Quando temo di aver scelto una missione impossibile.
Quando mi chiedo che senso abbia ciò che faccio (capita spesso, credetemi!).
Quando vedo piccoli essere umani trattati con poco rispetto e non posso fare nulla per evitarlo.
Quando mi sento inadeguata come madre.
Quando mi sembra di predicare bene e razzolare male.
Quando l’educazione che vorrei sembra un’utopia.
Quando penso che non c’è riuscita Maria Montessori, perché dovremmo riuscirci noi a cambiare l’educazione? (Poi mi rispondo che lei non aveva i social 😅 conta?)
Quando mi sembra tutto troppo e voglio mollare.
Ognuna di quelle volte.

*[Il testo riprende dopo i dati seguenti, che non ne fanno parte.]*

lemma chain_tri_cactusE:
  assumes "chain_tri_cactus V E n"
  obtains B where "triangle_chain n B" "E = (\<Union>i<n. complete_edges (B i))"
proof -
  from assms obtain B where "\<forall>i<n. card (B i) = 3"
    and E: "E = (\<Union>i<n. {{x, y} | x y. x \<in> B i \<and> y \<in> B i \<and> x \<noteq> y})"
    and "\<forall>i. i + 1 < n \<longrightarrow> card (B i \<inter> B (i + 1)) = 1"
    and "\<forall>i j. i < n \<and> j < n \<and> i + 1 < j \<longrightarrow> B i \<inter> B j = {}"
    unfolding chain_tri_cactus_def by blast
  then have "triangle_chain n B" by unfold_locales auto
  moreover from E have "E = (\<Union>i<n. complete_edges (B i))" unfolding complete_edges_def .
  ultimately show ?thesis by (rule that)
qed

lemma chain_sq_cactusE:
  assumes "chain_sq_cactus V E n"
  obtains B C where "square_chain n B C" "E = (\<Union>i<n. C i)"
proof -
  from assms obtain B C where "\<forall>i<n. \<exists>a b c d. distinct [a, b, c, d] \<and> B i = {a, b, c, d} \<and>
        C i = {{a, b}, {b, c}, {c, d}, {d, a}}"
    and E: "E = (\<Union>i<n. C i)"
    and "\<forall>i. i + 1 < n \<longrightarrow> card (B i \<inter> B (i + 1)) = 1"
    and "\<forall>i j. i < n \<and> j < n \<and> i + 1 < j \<longrightarrow> B i \<inter> B j = {}"
    unfolding chain_sq_cactus_def by blast
  then have "square_chain n B C" by unfold_locales auto
  then show ?thesis using E by (rule that)
qed

lemma int_half_eq_floor: "int ((n + 2) div 2) = \<lfloor>(real n - 2) / 2\<rfloor> + 2"
proof -
  have "\<lfloor>(real n - 2) / 2\<rfloor> = \<lfloor>real_of_int (int n - 2) / real_of_int 2\<rfloor>" by simp
  also have "\<dots> = (int n - 2) div 2" by (rule floor_divide_of_int_eq)
  finally show ?thesis by (simp add: zdiv_int)
qed

theorem theorem3p3:
  shows "(\<forall>(V :: 'a set) E n. n \<ge> 1 \<and> chain_tri_cactus V E n \<longrightarrow>
            int (sat_num E) = \<lfloor>(real n - 2) / 2\<rfloor> + 2) \<and>
         (\<forall>(V :: 'a set) E n. n \<ge> 1 \<and> chain_sq_cactus V E n \<longrightarrow>
            sat_num E = n + 1)"
proof (intro conjI allI impI)
  fix V :: "'a set" and E n
  assume "n \<ge> 1 \<and> chain_tri_cactus V E n"
  then obtain B where "1 \<le> n" "triangle_chain n B" "E = (\<Union>i<n. complete_edges (B i))"
    by (auto elim: chain_tri_cactusE)
  then have "sat_num E = (n + 2) div 2" by (simp add: triangle_chain.sat_num_eq)
  then show "int (sat_num E) = \<lfloor>(real n - 2) / 2\<rfloor> + 2" using int_half_eq_floor[of n] by simp
next
  fix V :: "'a set" and E n
  assume "n \<ge> 1 \<and> chain_sq_cactus V E n"
  then obtain B C where "1 \<le> n" "square_chain n B C" "E = (\<Union>i<n. C i)"
    by (auto elim: chain_sq_cactusE)
  then show "sat_num E = n + 1" by (simp add: square_chain.sat_num_eq)
qed

end
lemma rate_lt_1: "rate < 1"
proof -
  have sq_lt_1: "(1 - s)\<^sup>2 < 1" if "0 < s" "s < 2" for s :: real
  proof -
    have "(1 - s)\<^sup>2 = 1 - s * (2 - s)" by (simp add: power2_eq_square algebra_simps)
    with that show ?thesis by simp
  qed
  have "\<gamma> * Lf < 2" using gamma_lt Lf_pos by (simp add: field_simps)
  moreover have "\<gamma> * \<mu>f \<le> \<gamma> * Lf"
    using strong_convexity_le_lipschitz[OF f_grad f_smooth f_strong] gamma_pos by simp
  ultimately have "\<gamma> * \<mu>f < 2" "\<gamma> * Lf < 2" by linarith+
  then have "(1 - \<gamma> * \<mu>f)\<^sup>2 < 1" "(1 - \<gamma> * Lf)\<^sup>2 < 1"
    using gamma_pos muf_pos Lf_pos by (auto intro!: sq_lt_1)
  moreover have "0 < (1 + 2 / \<gamma> * \<mu>h) / ((1 + \<omega>) * (1 + \<omega> + 2 / \<gamma> * \<mu>h))"
    using omega_nonneg gamma_pos muh by (intro divide_pos_pos mult_pos_pos add_pos_nonneg) auto
  ultimately show ?thesis
    unfolding rate_def by (simp add: power2_commute)
qed

lemma dual_rate_mult_u_weight:
  "(1 - (1 + 2 / \<gamma> * \<mu>h) / ((1 + \<omega>) * (1 + \<omega> + 2 / \<gamma> * \<mu>h))) * u_weight = u_weight - \<gamma> - 2 * \<mu>h"
proof -
  have "(1 + 2 / \<gamma> * \<mu>h) / ((1 + \<omega>) * (1 + \<omega> + 2 / \<gamma> * \<mu>h))
      = (\<gamma> * (1 + 2 / \<gamma> * \<mu>h)) / ((1 + \<omega>) * (\<gamma> * (1 + \<omega> + 2 / \<gamma> * \<mu>h)))"
    using gamma_pos by simp
  also have "\<dots> = (\<gamma> + 2 * \<mu>h) / u_weight"
    using gamma_pos unfolding u_weight_def by (simp add: algebra_simps)
  finally show ?thesis
    using u_weight_pos by (simp add: field_simps)
qed

lemma Psi_step_decomposition:
  "Psi (xhat x u - (1 / (1 + \<omega>)) *\<^sub>R d) (u + (1 / (\<gamma> * (1 + \<omega>)\<^sup>2)) *\<^sub>R d)
   = Psi (x_mean x u) (u_mean x u) + noise_grad x u \<bullet> (d - res x u) + noise_gain * norm (d - res x u) ^ 2"
proof -
  have 1: "xhat x u - (1 / (1 + \<omega>)) *\<^sub>R d - xs = (x_mean x u - xs) - (1 / (1 + \<omega>)) *\<^sub>R (d - res x u)"
    by (simp add: x_mean_def algebra_simps)
  have 2: "u + (1 / (\<gamma> * (1 + \<omega>)\<^sup>2)) *\<^sub>R d - us = (u_mean x u - us) + (1 / (\<gamma> * (1 + \<omega>)\<^sup>2)) *\<^sub>R (d - res x u)"
    by (simp add: u_mean_def algebra_simps)
  show ?thesis
    unfolding Psi_eq 1 2 weighted_power2_norm_shift noise_gain_def noise_grad_def ..
qed

lemma mean_step_subdiff_form:
  fixes x u :: 'a
  defines "z \<equiv> (x - \<gamma> *\<^sub>R gradf x) - (xs - \<gamma> *\<^sub>R gradf xs)"
  obtains p v where "v \<in> subdiff h p"
    and "p - xs = z + (\<gamma> * \<omega>) *\<^sub>R (u - us) - (\<gamma> * (1 + \<omega>)) *\<^sub>R (v - us)"
    and "res x u = (\<gamma> * (1 + \<omega>)) *\<^sub>R ((v - us) - (u - us))"
    and "x_mean x u - xs = z - \<gamma> *\<^sub>R (v - us)"
    and "u_mean x u - us = (1 / (1 + \<omega>)) *\<^sub>R (\<omega> *\<^sub>R (u - us) + (v - us))"
proof -
  define \<tau> where "\<tau> = \<gamma> * (1 + \<omega>)"
  have \<tau>: "\<tau> > 0" unfolding \<tau>_def using gamma_pos omega_nonneg by simp
  define p where "p = prox \<tau> h (xhat x u + \<tau> *\<^sub>R u)"
  define v where "v = (1 / \<tau>) *\<^sub>R (xhat x u + \<tau> *\<^sub>R u - p)"
  have tv: "\<tau> *\<^sub>R v = xhat x u + \<tau> *\<^sub>R u - p"
    using \<tau> by (simp add: v_def)
  have "\<tau> *\<^sub>R ((v - us) - (u - us)) = \<tau> *\<^sub>R v - \<tau> *\<^sub>R u"
    by (simp add: algebra_simps)
  then have res: "res x u = \<tau> *\<^sub>R ((v - us) - (u - us))"
    unfolding tv by (simp add: rpfb_r_def p_def \<tau>_def)
  have xhat: "xhat x u - xs = z - \<gamma> *\<^sub>R (u - us)"
    by (simp add: z_def rpfb_xhat_def us_def algebra_simps)
  show ?thesis
  proof
    show "v \<in> subdiff h p"
      unfolding v_def p_def by (rule prox_subdiff[OF \<tau> h_convex h_proper h_closed xs_opt])
    show "p - xs = z + (\<gamma> * \<omega>) *\<^sub>R (u - us) - (\<gamma> * (1 + \<omega>)) *\<^sub>R (v - us)"
      using xhat tv by (simp add: \<tau>_def algebra_simps)
    show "res x u = (\<gamma> * (1 + \<omega>)) *\<^sub>R ((v - us) - (u - us))"
      using res by (simp add: \<tau>_def)
    show "x_mean x u - xs = z - \<gamma> *\<^sub>R (v - us)"
    proof -
      have "(1 / (1 + \<omega>)) *\<^sub>R res x u = \<gamma> *\<^sub>R ((v - us) - (u - us))"
        using res omega_nonneg by (simp add: \<tau>_def)
      then have "x_mean x u - xs = (z - \<gamma> *\<^sub>R (u - us)) - \<gamma> *\<^sub>R ((v - us) - (u - us))"
        unfolding xhat[symmetric] by (simp add: x_mean_def)
      then show ?thesis by (simp add: algebra_simps)
    qed
    show "u_mean x u - us = (1 / (1 + \<omega>)) *\<^sub>R (\<omega> *\<^sub>R (u - us) + (v - us))"
    proof -
      have "(1 / (\<gamma> * (1 + \<omega>)\<^sup>2)) *\<^sub>R res x u = (1 / (1 + \<omega>)) *\<^sub>R ((v - us) - (u - us))"
        using res omega_nonneg gamma_pos by (simp add: \<tau>_def power2_eq_square)
      then have "u_mean x u - us = (u - us) + (1 / (1 + \<omega>)) *\<^sub>R ((v - us) - (u - us))"
        by (simp add: u_mean_def)
      also have "\<dots> = (1 / (1 + \<omega>)) *\<^sub>R ((1 + \<omega>) *\<^sub>R (u - us) + ((v - us) - (u - us)))"
        using omega_nonneg by (simp add: scaleR_add_right)
      also have "(1 + \<omega>) *\<^sub>R (u - us) + ((v - us) - (u - us)) = \<omega> *\<^sub>R (u - us) + (v - us)"
        by (simp add: algebra_simps)
      finally show ?thesis .
    qed
  qed
qed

Puntualmente.
Ricevo messaggi così 👉
E allora ricordo che faccio ciò che faccio perché se posso mostrare che un’educazione diversa è possibile.
Se posso aiutare anche solo una famiglia.
Se posso piantare anche solo pochi semini nelle menti di genitori come me.
Se posso mettermi a nudo e mostrare che perfino io, con tutti i miei difetti e i miei bagagli, posso cambiare.
Se posso mostrare quanti regressi sono necessari per il progresso.
Se posso nuotare controcorrente corrente per aprire la via.
Se posso sfatare qualche mito, qualche pregiudizio e mostrare che non per forza si deve fare come si è sempre fatto se sappiamo che c’è qualcosa di meglio – e il rispetto è sempre meglio.
Allora sono felice.
Allora so che no, l’educazione non la cambio io, sola soletta, ma forse tutti insieme sì.
Perché l’effetto a catena, a cascata, a valanga – chiamalo come vuoi – è reale ed è potente.